EXERCISE: In the records below, find the line with "using integrable_distr_eq[of fst" and the line with "interpret M: sigma_finite_measure M by fact". Print both exactly, along with every line between them, and no other line.
(DATA EXTRACTS)
(* Let $q(z,\psi)$ be a joint probability density over $(z,\psi)$ with marginal $q(z)=\int q(z,\psi)\,d\psi$, fix $z$ with $q(z)>0$, and let $q(\psi\mid z)=q(z,\psi)/q(z)$. Let $\tau(\psi\mid z)$ be a probability density in $\psi$ such that for every $\psi$ with $\tau(\psi\mid z)=0$ we have $q(\psi,z)=0$. For $K\in\mathbb{N}_0$ define $$\mathcal{U}_K=\mathbb{E}_{q(\psi_0\mid z)}\,\mathbb{E}_{\tau(\psi_{1:K}\mid z)}\log\left(\frac{1}{K+1}\sum_{k=0}^{K}\frac{q(z,\psi_k)}{\tau(\psi_k\mid z)}\right),$$ where $\psi_0\sim q(\psi\mid z)$ and, independently, $\psi_1,\dots,\psi_K$ are i.i.d. from $\tau(\psi\mid z)$ (i.e. $\tau(\psi_{1:K}\mid z)=\prod_{k=1}^K\tau(\psi_k\mid z)$). Then: (1) $\mathcal{U}_K\ge\log q(z)$ for every $K\in\mathbb{N}_0$; (2) $\mathcal{U}_K\ge\mathcal{U}_{K+1}$ for every $K\in\mathbb{N}_0$; (3) $\lim_{K\to\infty}\mathcal{U}_K=\log q(z)$.
   Context: All densities are with respect to a fixed base measure; $\log$ is the natural logarithm.
   Formalization: For every K the integrand of $\mathcal{U}_K$ is integrable with respect to $q(\psi_0\mid z)\,\tau(\psi_{1:K}\mid z)$, so each $\mathcal{U}_K$ is a finite expectation, and q(z) is finite. The statement above fails without it. *)

theory Defs
  imports "HOL-Probability.Probability"
begin

definition marg :: "'p measure \<Rightarrow> ('z \<Rightarrow> 'p \<Rightarrow> real) \<Rightarrow> 'z \<Rightarrow> real" where
  "marg M q z = (\<integral>\<psi>. q z \<psi> \<partial>M)"

definition cond :: "'p measure \<Rightarrow> ('z \<Rightarrow> 'p \<Rightarrow> real) \<Rightarrow> 'z \<Rightarrow> 'p \<Rightarrow> real" where
  "cond M q z \<psi> = q z \<psi> / marg M q z"

definition iw_log :: "('z \<Rightarrow> 'p \<Rightarrow> real) \<Rightarrow> ('p \<Rightarrow> real) \<Rightarrow> 'z \<Rightarrow> nat \<Rightarrow> 'p \<Rightarrow> (nat \<Rightarrow> 'p) \<Rightarrow> real" where
  "iw_log q \<tau> z K \<psi>0 \<psi>s =
     ln ((1 / real (K + 1)) *
         (\<Sum>k\<in>{0..K}. (let \<psi> = (if k = 0 then \<psi>0 else \<psi>s k) in q z \<psi> / \<tau> \<psi>)))"

definition tau_prod :: "'p measure \<Rightarrow> ('p \<Rightarrow> real) \<Rightarrow> nat \<Rightarrow> (nat \<Rightarrow> 'p) measure" where
  "tau_prod M \<tau> K = PiM {1..K} (\<lambda>_. density M (\<lambda>\<psi>. ennreal (\<tau> \<psi>)))"

definition U :: "'p measure \<Rightarrow> ('z \<Rightarrow> 'p \<Rightarrow> real) \<Rightarrow> ('p \<Rightarrow> real) \<Rightarrow> 'z \<Rightarrow> nat \<Rightarrow> real" where
  "U M q \<tau> z K =
     (\<integral>\<psi>0. (\<integral>\<psi>s. iw_log q \<tau> z K \<psi>0 \<psi>s \<partial>(tau_prod M \<tau> K))
        \<partial>(density M (\<lambda>\<psi>. ennreal (cond M q z \<psi>))))"

end

theory Submission
  imports Defs
begin

text \<open>
  Let \<open>w = q(z,\<cdot>)/\<tau>\<close> be the importance weight. Under \<open>\<tau>\<close> it has a law \<open>\<mu>\<close> on \<open>[0,\<infinity>)\<close> with
  mean \<open>m = q(z)\<close>; under \<open>q(\<cdot>|z)\<close> it has the size-biased law \<open>x/m d\<mu>\<close>. Writing \<open>S\<^sub>n\<close> for a
  sum of \<open>n\<close> independent copies of \<open>w\<close> under \<open>\<tau>\<close> and \<open>\<phi>(x) = x ln x\<close>, exchangeability of the
  summands gives \<open>E[X g(X + S\<^sub>K)] = E[S\<^sub>K\<^sub>+\<^sub>1 g(S\<^sub>K\<^sub>+\<^sub>1)]/(K+1)\<close>, hence
  \<open>m U\<^sub>K = E \<phi>(S\<^sub>K\<^sub>+\<^sub>1/(K+1))\<close>.
  (1) is Jensen's inequality for the convex \<open>\<phi>\<close>. (2) follows by comparing \<open>\<phi>\<close> at the mean of
  \<open>K+1\<close> weights with its tangent at the mean of all \<open>K+2\<close>; the linear term vanishes by
  exchangeability. (3): concavity of \<open>ln\<close> in the \<open>K\<close> independent summands bounds
  \<open>m U\<^sub>K\<close> by \<open>E[X ln((X + K m)/(K+1))]\<close>, which tends to \<open>m ln m\<close> by dominated convergence
  (dominated thanks to the finiteness of \<open>E[X ln X]\<close>).
\<close>

lemma xlnx_ge_tangent:
  fixes a b :: real
  assumes "0 \<le> a" "0 \<le> b" "b = 0 \<Longrightarrow> a = 0"
  shows "b * ln b + (1 + ln b) * (a - b) \<le> a * ln a"
proof (cases "a = 0 \<or> b = 0")
  case True
  then show ?thesis using assms by (auto simp: algebra_simps)
next
  case False
  then have a: "0 < a" and b: "0 < b" using assms by auto
  have "ln (b / a) \<le> b / a - 1" using a b by (intro ln_le_minus_one) simp
  then have "a * ln (b / a) \<le> a * (b / a - 1)" using a by (intro mult_left_mono) auto
  then have "a * (ln b - ln a) \<le> b - a" using a b by (simp add: ln_div algebra_simps)
  then show ?thesis by (simp add: algebra_simps)
qed

lemma ln_le_tangent:
  fixes y c :: real
  assumes "0 < y" "0 < c"
  shows "ln y \<le> ln c + (y - c) / c"
proof -
  have "ln (y / c) \<le> y / c - 1" using assms by (intro ln_le_minus_one) simp
  then show ?thesis using assms by (simp add: ln_div diff_divide_distrib)
qed

lemma abs_ln_between_le:
  fixes x m c :: real
  assumes "0 < x" "0 < m" "min x m \<le> c" "c \<le> max x m"
  shows "\<bar>ln c\<bar> \<le> \<bar>ln x\<bar> + \<bar>ln m\<bar>"
proof -
  have c: "0 < c" using assms by (auto simp: min_def split: if_splits)
  have "ln (min x m) \<le> ln c" using assms c by (subst ln_le_cancel_iff) (auto simp: min_def)
  moreover have "ln c \<le> ln (max x m)" using assms c by (subst ln_le_cancel_iff) (auto simp: max_def)
  ultimately show ?thesis by (auto simp: min_def max_def split: if_splits)
qed

lemma abs_times_centered_le:
  fixes x s c :: real
  assumes "0 \<le> x" "0 \<le> c"
  shows "\<bar>x * ((s - c) / (x + c))\<bar> \<le> \<bar>s\<bar> + c"
proof -
  have r: "\<bar>x / (x + c)\<bar> \<le> 1"
    using assms by (cases "x + c = 0") (auto simp: divide_le_eq_1 abs_le_iff)
  have "\<bar>x * ((s - c) / (x + c))\<bar> = \<bar>x / (x + c)\<bar> * \<bar>s - c\<bar>"
    by (simp add: abs_mult)
  also have "\<dots> \<le> 1 * \<bar>s - c\<bar>"
    by (rule mult_right_mono[OF r]) simp
  also have "\<dots> \<le> \<bar>s\<bar> + c"
    using abs_triangle_ineq4[of s c] assms by simp
  finally show ?thesis .
qed

lemma (in prob_space) integral_pair_fst:
  fixes f :: "'b \<Rightarrow> real"
  assumes [measurable]: "f \<in> borel_measurable N"
  shows integrable_pair_fst_iff: "integrable (N \<Otimes>\<^sub>M M) (\<lambda>p. f (fst p)) \<longleftrightarrow> integrable N f"
    and "(\<integral>p. f (fst p) \<partial>(N \<Otimes>\<^sub>M M)) = (\<integral>x. f x \<partial>N)"
  using integrable_distr_eq[of fst "N \<Otimes>\<^sub>M M" N f] integral_distr[of fst "N \<Otimes>\<^sub>M M" N f]
  by (simp_all add: distr_pair_fst)

lemma distr_pair_snd:
  assumes "prob_space N" "sigma_finite_measure M"
  shows "distr (N \<Otimes>\<^sub>M M) M snd = M"
proof (intro measure_eqI)
  interpret N: prob_space N by fact
  interpret M: sigma_finite_measure M by fact
  fix B assume "B \<in> sets (distr (N \<Otimes>\<^sub>M M) M snd)"
  then have B: "B \<in> sets M" by simp
  then have "emeasure (distr (N \<Otimes>\<^sub>M M) M snd) B = emeasure (N \<Otimes>\<^sub>M M) (space N \<times> B)"
    by (auto simp: emeasure_distr space_pair_measure dest: sets.sets_into_space
        intro!: arg_cong2[where f=emeasure])
  with B show "emeasure (distr (N \<Otimes>\<^sub>M M) M snd) B = emeasure M B"
    by (simp add: M.emeasure_pair_measure_Times N.emeasure_space_1)
qed simp

lemma integral_pair_snd:
  fixes f :: "'b \<Rightarrow> real"
  assumes "prob_space N" "sigma_finite_measure M" and [measurable]: "f \<in> borel_measurable M"
  shows integrable_pair_snd_iff: "integrable (N \<Otimes>\<^sub>M M) (\<lambda>p. f (snd p)) \<longleftrightarrow> integrable M f"
    and "(\<integral>p. f (snd p) \<partial>(N \<Otimes>\<^sub>M M)) = (\<integral>x. f x \<partial>M)"
  using integrable_distr_eq[of snd "N \<Otimes>\<^sub>M M" M f] integral_distr[of snd "N \<Otimes>\<^sub>M M" M f]
  by (simp_all add: distr_pair_snd assms)

lemma weighted_integral_transfer:
  fixes Fa Ga :: "'a \<Rightarrow> real" and Fb Gb :: "'b \<Rightarrow> real" and g :: "real \<Rightarrow> real"
  assumes [measurable]: "Fa \<in> borel_measurable Ma" "Ga \<in> borel_measurable Ma"
    "Fb \<in> borel_measurable Mb" "Gb \<in> borel_measurable Mb" "g \<in> borel_measurable borel"
  and Fa_nonneg: "AE \<omega> in Ma. 0 \<le> Fa \<omega>" and Fb_nonneg: "AE \<omega> in Mb. 0 \<le> Fb \<omega>" and c: "0 \<le> c"
  and eq: "\<And>h. h \<in> borel_measurable borel \<Longrightarrow>
     (\<integral>\<^sup>+\<omega>. ennreal (Fa \<omega>) * h (Ga \<omega>) \<partial>Ma) = ennreal c * (\<integral>\<^sup>+\<omega>. ennreal (Fb \<omega>) * h (Gb \<omega>) \<partial>Mb)"
  and int: "integrable Mb (\<lambda>\<omega>. Fb \<omega> * g (Gb \<omega>))"
  shows "integrable Ma (\<lambda>\<omega>. Fa \<omega> * g (Ga \<omega>))"
    and "(\<integral>\<omega>. Fa \<omega> * g (Ga \<omega>) \<partial>Ma) = c * (\<integral>\<omega>. Fb \<omega> * g (Gb \<omega>) \<partial>Mb)"
proof -
  have nn_transfer: "(\<integral>\<^sup>+\<omega>. ennreal (Fa \<omega> * k (Ga \<omega>)) \<partial>Ma) = ennreal c * (\<integral>\<^sup>+\<omega>. ennreal (Fb \<omega> * k (Gb \<omega>)) \<partial>Mb)"
    if [measurable]: "k \<in> borel_measurable borel" for k :: "real \<Rightarrow> real"
  proof -
    have "(\<integral>\<^sup>+\<omega>. ennreal (Fa \<omega> * k (Ga \<omega>)) \<partial>Ma) = (\<integral>\<^sup>+\<omega>. ennreal (Fa \<omega>) * ennreal (k (Ga \<omega>)) \<partial>Ma)"
      by (rule nn_integral_cong_AE) (use Fa_nonneg in \<open>auto simp: ennreal_mult' elim: eventually_mono\<close>)
    also have "\<dots> = ennreal c * (\<integral>\<^sup>+\<omega>. ennreal (Fb \<omega>) * ennreal (k (Gb \<omega>)) \<partial>Mb)"
      by (rule eq) measurable
    also have "(\<integral>\<^sup>+\<omega>. ennreal (Fb \<omega>) * ennreal (k (Gb \<omega>)) \<partial>Mb) = (\<integral>\<^sup>+\<omega>. ennreal (Fb \<omega> * k (Gb \<omega>)) \<partial>Mb)"
      by (rule nn_integral_cong_AE) (use Fb_nonneg in \<open>auto simp: ennreal_mult' elim: eventually_mono\<close>)
    finally show ?thesis .
  qed
  have "(\<integral>\<^sup>+\<omega>. ennreal (norm (Fa \<omega> * g (Ga \<omega>))) \<partial>Ma) = (\<integral>\<^sup>+\<omega>. ennreal (Fa \<omega> * \<bar>g (Ga \<omega>)\<bar>) \<partial>Ma)"
    by (rule nn_integral_cong_AE) (use Fa_nonneg in \<open>auto simp: abs_mult elim: eventually_mono\<close>)
  also have "\<dots> = ennreal c * (\<integral>\<^sup>+\<omega>. ennreal (Fb \<omega> * \<bar>g (Gb \<omega>)\<bar>) \<partial>Mb)"
    by (rule nn_transfer) measurable
  also have "(\<integral>\<^sup>+\<omega>. ennreal (Fb \<omega> * \<bar>g (Gb \<omega>)\<bar>) \<partial>Mb) = (\<integral>\<^sup>+\<omega>. ennreal (norm (Fb \<omega> * g (Gb \<omega>))) \<partial>Mb)"
    by (rule nn_integral_cong_AE) (use Fb_nonneg in \<open>auto simp: abs_mult elim: eventually_mono\<close>)
  finally have "(\<integral>\<^sup>+\<omega>. ennreal (norm (Fa \<omega> * g (Ga \<omega>))) \<partial>Ma) < \<infinity>"
    using int unfolding integrable_iff_bounded by (simp add: ennreal_mult_less_top)
  then show int_a: "integrable Ma (\<lambda>\<omega>. Fa \<omega> * g (Ga \<omega>))"
    unfolding integrable_iff_bounded by simp
  have neg_transfer: "(\<integral>\<^sup>+\<omega>. ennreal (- (Fa \<omega> * g (Ga \<omega>))) \<partial>Ma) = ennreal c * (\<integral>\<^sup>+\<omega>. ennreal (- (Fb \<omega> * g (Gb \<omega>))) \<partial>Mb)"
    using nn_transfer[of "\<lambda>t. - g t"] by simp
  show "(\<integral>\<omega>. Fa \<omega> * g (Ga \<omega>) \<partial>Ma) = c * (\<integral>\<omega>. Fb \<omega> * g (Gb \<omega>) \<partial>Mb)"
    unfolding real_lebesgue_integral_def[OF int_a] real_lebesgue_integral_def[OF int]
    by (simp add: nn_transfer neg_transfer enn2real_mult c right_diff_distrib)
qed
(End DATA EXTRACTS)
SOLUTION:
  using integrable_distr_eq[of fst "N \<Otimes>\<^sub>M M" N f] integral_distr[of fst "N \<Otimes>\<^sub>M M" N f]
  by (simp_all add: distr_pair_fst)

lemma distr_pair_snd:
  assumes "prob_space N" "sigma_finite_measure M"
  shows "distr (N \<Otimes>\<^sub>M M) M snd = M"
proof (intro measure_eqI)
  interpret N: prob_space N by fact
  interpret M: sigma_finite_measure M by fact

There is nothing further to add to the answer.